The burn begins in the mind

Dries the throat

All the time

Waiting

The restless feeling floats across my skin

I’m thinking

I open the door

And the bird flies in

Careening

Around and around the room

Banging into walls

Skimming the ceiling

Finally

Beak ajar

Breast heaving it pauses

To breathe

High up on the bookcase

It blinks at me

Heart

Thump thump thumping

In my mind

I see it

Of course – it isn’t really there

But it is how I used to feel

Trapped

Banging into feelings

That got so much worse

I’d see it

I’d feel it

Just like that bird

Sometimes it comes to me in dreams

I wake in a sweat

Realise it’s okay

I’m not doing that again

It’s just a dream

I never have to do that again

Deep breathing

Go back to sleep

*ridding yourself of bad habits is life changing.

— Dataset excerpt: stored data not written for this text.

(* Let $c\in\mathbb{R}^n$ with $c_1\ge\cdots\ge c_n\ge0$ and $u\in\mathbb{R}^n$ with $u_i>0$ for all $i$. There exists an algorithm that solves the problem of minimizing $\frac12\left(\sum_{i=1}^n x_i\right)^2-\sum_{i=1}^n c_ix_i$ subject to $0\le x\le u$ in $O(n\log n)$ time.
   Context: Time is measured in arithmetic operations and comparisons on real numbers. *)

theory Defs
  imports Complex_Main
begin

text \<open>Machine state: a real memory (nat-addressed cells holding reals) and a file of
natural-number registers used for addressing and loop control.\<close>

record state =
  mem :: "nat \<Rightarrow> real"
  reg :: "nat \<Rightarrow> nat"

datatype rop = RAdd | RSub | RMul | RDiv

fun rop_sem :: "rop \<Rightarrow> real \<Rightarrow> real \<Rightarrow> real" where
  "rop_sem RAdd a b = a + b"
| "rop_sem RSub a b = a - b"
| "rop_sem RMul a b = a * b"
| "rop_sem RDiv a b = a / b"

datatype test =
    RLess nat nat
  | RLeq nat nat
  | NLess nat nat
  | NEq nat nat

fun test_sem :: "test \<Rightarrow> state \<Rightarrow> bool" where
  "test_sem (RLess a b) s = (mem s (reg s a) < mem s (reg s b))"
| "test_sem (RLeq a b) s = (mem s (reg s a) \<le> mem s (reg s b))"
| "test_sem (NLess a b) s = (reg s a < reg s b)"
| "test_sem (NEq a b) s = (reg s a = reg s b)"

datatype com =
    Skip
  | RConst nat real
  | RCopy nat nat
  | RBin rop nat nat nat
  | NConst nat nat
  | NAdd nat nat nat
  | NSub nat nat nat         \<comment> \<open>reg d := reg a - reg b (truncated)\<close>
  | NHalf nat nat
  | Seq com com
  | If test com com
  | While test com

definition set_mem :: "state \<Rightarrow> nat \<Rightarrow> real \<Rightarrow> state" where
  "set_mem s i r = s\<lparr>mem := (mem s)(i := r)\<rparr>"

definition set_reg :: "state \<Rightarrow> nat \<Rightarrow> nat \<Rightarrow> state" where
  "set_reg s i k = s\<lparr>reg := (reg s)(i := k)\<rparr>"

inductive exec :: "com \<Rightarrow> state \<Rightarrow> nat \<Rightarrow> state \<Rightarrow> bool" where
  "exec Skip s 0 s"
| "exec (RConst d r) s 1 (set_mem s (reg s d) r)"
| "exec (RCopy a d) s 1 (set_mem s (reg s d) (mem s (reg s a)))"
| "exec (RBin op a b d) s 1
     (set_mem s (reg s d) (rop_sem op (mem s (reg s a)) (mem s (reg s b))))"
| "exec (NConst d k) s 1 (set_reg s d k)"
| "exec (NAdd a b d) s 1 (set_reg s d (reg s a + reg s b))"
| "exec (NSub a b d) s 1 (set_reg s d (reg s a - reg s b))"
| "exec (NHalf a d) s 1 (set_reg s d (reg s a div 2))"
| "exec c1 s t1 s1 \<Longrightarrow> exec c2 s1 t2 s2 \<Longrightarrow> exec (Seq c1 c2) s (t1 + t2) s2"
| "test_sem b s \<Longrightarrow> exec c1 s t s' \<Longrightarrow> exec (If b c1 c2) s (Suc t) s'"
| "\<not> test_sem b s \<Longrightarrow> exec c2 s t s' \<Longrightarrow> exec (If b c1 c2) s (Suc t) s'"
| "\<not> test_sem b s \<Longrightarrow> exec (While b c) s 1 s"
| "test_sem b s \<Longrightarrow> exec c s t1 s1 \<Longrightarrow> exec (While b c) s1 t2 s2
     \<Longrightarrow> exec (While b c) s (Suc (t1 + t2)) s2"

text \<open>Vectors in R^n are functions nat \<Rightarrow> real indexed by 0..n-1 (index i here is
coordinate i+1 in the paper).  Input: register 0 holds n, memory cells 0..n-1 hold c,
cells n..2n-1 hold u, all other cells and registers are 0.  Output: cells 0..n-1 hold x.\<close>

definition init_state :: "nat \<Rightarrow> (nat \<Rightarrow> real) \<Rightarrow> (nat \<Rightarrow> real) \<Rightarrow> state" where
  "init_state n c u =
     \<lparr> mem = (\<lambda>i. if i < n then c i else if i < 2 * n then u (i - n) else 0),
       reg = (\<lambda>i. if i = 0 then n else 0) \<rparr>"

definition objective :: "nat \<Rightarrow> (nat \<Rightarrow> real) \<Rightarrow> (nat \<Rightarrow> real) \<Rightarrow> real" where
  "objective n c x = (1/2) * (\<Sum>i<n. x i)^2 - (\<Sum>i<n. c i * x i)"

definition feasible :: "nat \<Rightarrow> (nat \<Rightarrow> real) \<Rightarrow> (nat \<Rightarrow> real) \<Rightarrow> bool" where
  "feasible n u x \<longleftrightarrow> (\<forall>i<n. 0 \<le> x i \<and> x i \<le> u i)"

definition is_minimizer :: "nat \<Rightarrow> (nat \<Rightarrow> real) \<Rightarrow> (nat \<Rightarrow> real) \<Rightarrow> (nat \<Rightarrow> real) \<Rightarrow> bool" where
  "is_minimizer n c u x \<longleftrightarrow>
     feasible n u x \<and> (\<forall>y. feasible n u y \<longrightarrow> objective n c x \<le> objective n c y)"

end

theory Submission
  imports Defs
begin

text \<open>The objective is convex with gradient \<open>(S - c\<^sub>i)\<^sub>i\<close>, where \<open>S = \<Sum>x\<close>, so a feasible
\<open>x\<close> is optimal as soon as \<open>x\<^sub>i > 0\<close> forces \<open>S \<le> c\<^sub>i\<close> and \<open>x\<^sub>i < u\<^sub>i\<close> forces \<open>c\<^sub>i \<le> S\<close>.
For non-increasing \<open>c\<close> these conditions are met by the greedy vector
\<open>x\<^sub>k = min u\<^sub>k (max 0 (c\<^sub>k - (x\<^sub>0 + \<dots> + x\<^sub>k\<^sub>-\<^sub>1)))\<close>: the partial sums never exceed a
\<open>c\<^sub>k\<close> with \<open>x\<^sub>k > 0\<close>, and already reach \<open>c\<^sub>k\<close> when \<open>x\<^sub>k < u\<^sub>k\<close>.  One pass computes it,
so the running time is even linear.\<close>

lemma objective_diff:
  "objective n c y - objective n c x =
     ((\<Sum>i<n. y i) - (\<Sum>i<n. x i))\<^sup>2 / 2 + (\<Sum>i<n. ((\<Sum>j<n. x j) - c i) * (y i - x i))"
proof -
  define S where "S = (\<Sum>j<n. x j)"
  have "(\<Sum>i<n. (S - c i) * (y i - x i))
        = S * (\<Sum>i<n. y i) - S * S - (\<Sum>i<n. c i * y i) + (\<Sum>i<n. c i * x i)"
    by (simp add: algebra_simps sum.distrib sum_subtractf sum_distrib_left S_def)
  then show ?thesis
    unfolding objective_def S_def[symmetric] by (simp add: power2_eq_square field_simps)
qed

lemma is_minimizerI:
  assumes feas: "feasible n u x"
    and pos: "\<And>i. i < n \<Longrightarrow> 0 < x i \<Longrightarrow> (\<Sum>j<n. x j) \<le> c i"
    and below: "\<And>i. i < n \<Longrightarrow> x i < u i \<Longrightarrow> c i \<le> (\<Sum>j<n. x j)"
  shows "is_minimizer n c u x"
  unfolding is_minimizer_def
proof (intro conjI allI impI feas)
  fix y assume "feasible n u y"
  then have y: "0 \<le> y i" "y i \<le> u i" if "i < n" for i
    using that by (auto simp: feasible_def)
  have "0 \<le> ((\<Sum>j<n. x j) - c i) * (y i - x i)" if i: "i < n" for i
  proof (cases "y i - x i" "0::real" rule: linorder_cases)
    case less
    then show ?thesis using pos[OF i] y[OF i] by (simp add: mult_nonpos_nonpos)
  next
    case greater
    then show ?thesis using below[OF i] y[OF i] by simp
  qed simp
  then have "0 \<le> objective n c y - objective n c x"
    unfolding objective_diff by (intro add_nonneg_nonneg sum_nonneg) auto
  then show "objective n c x \<le> objective n c y" by simp
qed

lemma is_minimizer_cong:
  "(\<And>i. i < n \<Longrightarrow> x i = y i) \<Longrightarrow> is_minimizer n c u x = is_minimizer n c u y"
  unfolding is_minimizer_def feasible_def objective_def by simp

fun greedy_sum :: "(nat \<Rightarrow> real) \<Rightarrow> (nat \<Rightarrow> real) \<Rightarrow> nat \<Rightarrow> real" where
  "greedy_sum c u 0 = 0"
| "greedy_sum c u (Suc k) = greedy_sum c u k + min (u k) (max 0 (c k - greedy_sum c u k))"

definition greedy :: "(nat \<Rightarrow> real) \<Rightarrow> (nat \<Rightarrow> real) \<Rightarrow> nat \<Rightarrow> real" where
  "greedy c u k = min (u k) (max 0 (c k - greedy_sum c u k))"

lemma greedy_sum_Suc: "greedy_sum c u (Suc k) = greedy_sum c u k + greedy c u k"
  by (simp add: greedy_def)

declare greedy_sum.simps(2) [simp del]

lemma greedy_sum_eq_sum: "greedy_sum c u n = (\<Sum>i<n. greedy c u i)"
  by (induction n) (simp_all add: greedy_sum_Suc)

lemma greedy_nonneg: "0 \<le> u k \<Longrightarrow> 0 \<le> greedy c u k"
  by (simp add: greedy_def)

lemma greedy_le: "greedy c u k \<le> u k"
  by (simp add: greedy_def)

lemma greedy_sum_mono:
  assumes "j \<le> k" and "\<And>i. i < k \<Longrightarrow> 0 \<le> u i"
  shows "greedy_sum c u j \<le> greedy_sum c u k"
  using assms
proof (induction k rule: dec_induct)
  case (step k)
  then show ?case using greedy_nonneg[of u k c] by (simp add: greedy_sum_Suc)
qed simp

lemma greedy_sum_Suc_le_max:
  "0 \<le> u k \<Longrightarrow> greedy_sum c u (Suc k) \<le> max (greedy_sum c u k) (c k)"
  by (auto simp: greedy_sum_Suc greedy_def)

lemma greedy_sum_le_if_greedy_pos:
  assumes sorted: "\<And>i j. i \<le> j \<Longrightarrow> j < n \<Longrightarrow> c j \<le> c i" and u_nonneg: "\<And>i. i < n \<Longrightarrow> 0 \<le> u i"
    and pos: "0 < greedy c u k"
  shows "k < j \<Longrightarrow> j \<le> n \<Longrightarrow> greedy_sum c u j \<le> c k"
proof (induction j)
  case (Suc j)
  show ?case
  proof (cases "j = k")
    case True
    then show ?thesis using pos by (auto simp: greedy_sum_Suc greedy_def)
  next
    case False
    with Suc have "greedy_sum c u j \<le> c k" "c j \<le> c k" "0 \<le> u j" using sorted u_nonneg by auto
    then show ?thesis using greedy_sum_Suc_le_max[of u j c] by linarith
  qed
qed simp

lemma c_le_greedy_sum_if_greedy_lt:
  assumes u_nonneg: "\<And>i. i < n \<Longrightarrow> 0 \<le> u i" and "k < n" and lt: "greedy c u k < u k"
  shows "c k \<le> greedy_sum c u n"
proof -
  have "c k \<le> greedy_sum c u (Suc k)" using lt by (auto simp: greedy_sum_Suc greedy_def)
  also have "\<dots> \<le> greedy_sum c u n" using \<open>k < n\<close> u_nonneg by (intro greedy_sum_mono) auto
  finally show ?thesis .
qed

lemma greedy_is_minimizer:
  assumes sorted: "\<And>i j. i \<le> j \<Longrightarrow> j < n \<Longrightarrow> c j \<le> c i" and u_nonneg: "\<And>i. i < n \<Longrightarrow> 0 \<le> u i"
  shows "is_minimizer n c u (greedy c u)"
proof (rule is_minimizerI)
  show "feasible n u (greedy c u)"
    using u_nonneg greedy_nonneg greedy_le by (auto simp: feasible_def)
next
  fix i assume "i < n" "0 < greedy c u i"
  then show "(\<Sum>j<n. greedy c u j) \<le> c i"
    using greedy_sum_le_if_greedy_pos[of n c u i n] sorted u_nonneg by (simp add: greedy_sum_eq_sum[symmetric])
next
  fix i assume "i < n" "greedy c u i < u i"
  then show "c i \<le> (\<Sum>j<n. greedy c u j)"
    using c_le_greedy_sum_if_greedy_lt[of n u i c] u_nonneg by (simp add: greedy_sum_eq_sum[symmetric])
qed

lemma mem_set_mem [simp]: "mem (set_mem s i r) = (mem s)(i := r)"
  by (simp add: set_mem_def)

lemma reg_set_mem [simp]: "reg (set_mem s i r) = reg s"
  by (simp add: set_mem_def)

lemma mem_set_reg [simp]: "mem (set_reg s i k) = mem s"
  by (simp add: set_reg_def)

lemma reg_set_reg [simp]: "reg (set_reg s i k) = (reg s)(i := k)"
  by (simp add: set_reg_def)

lemma set_mem_same [simp]: "set_mem s i (mem s i) = s"
  by (simp add: set_mem_def)

lemma exec_RBin:
  "exec (RBin op a b d) s 1 (set_mem s (reg s d) (rop_sem op (mem s (reg s a)) (mem s (reg s b))))"
  by (rule exec.intros)

lemma exec_NConst: "exec (NConst d k) s 1 (set_reg s d k)"
  by (rule exec.intros)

I gave up smoking years ago and would sometimes have a dream where I was smoking again

Wake up and think “oh no!”

Realise it was a dream and go back to sleep

Drinking alcohol was another “oh thank goodness I don’t do that anymore” moment and it’s been almost three years now …

It is utterly freeing to overcome addictions and bad habits

Hearts should belong to ourselves

And nothing else

We can extend the love in them to other people

But all that beautiful wildness should belong

To just ourselves

And not have strings attached and jerked about by something out of our control

Hope everyone is taking care and remaining well

5 thoughts on “Birds don’t belong in houses and hearts don’t belong in glasses

  1. Such a perfect analogy. I bang around and bump into emotions and can feel so trapped in my own body. I took 3 walks yesterday just to have a feeling of direction and to stop pacing in my mind and across the deck wearing a path. I feel like a wind up toy at times bumping into the wall going nowhere. Going outdoors breaks the insanity.
    Taking gabapentin for sleep has almost completely eliminated waking up startled multiple times a night. I’ve had insomnia for so long it feels abnormal to actually sleep through the night.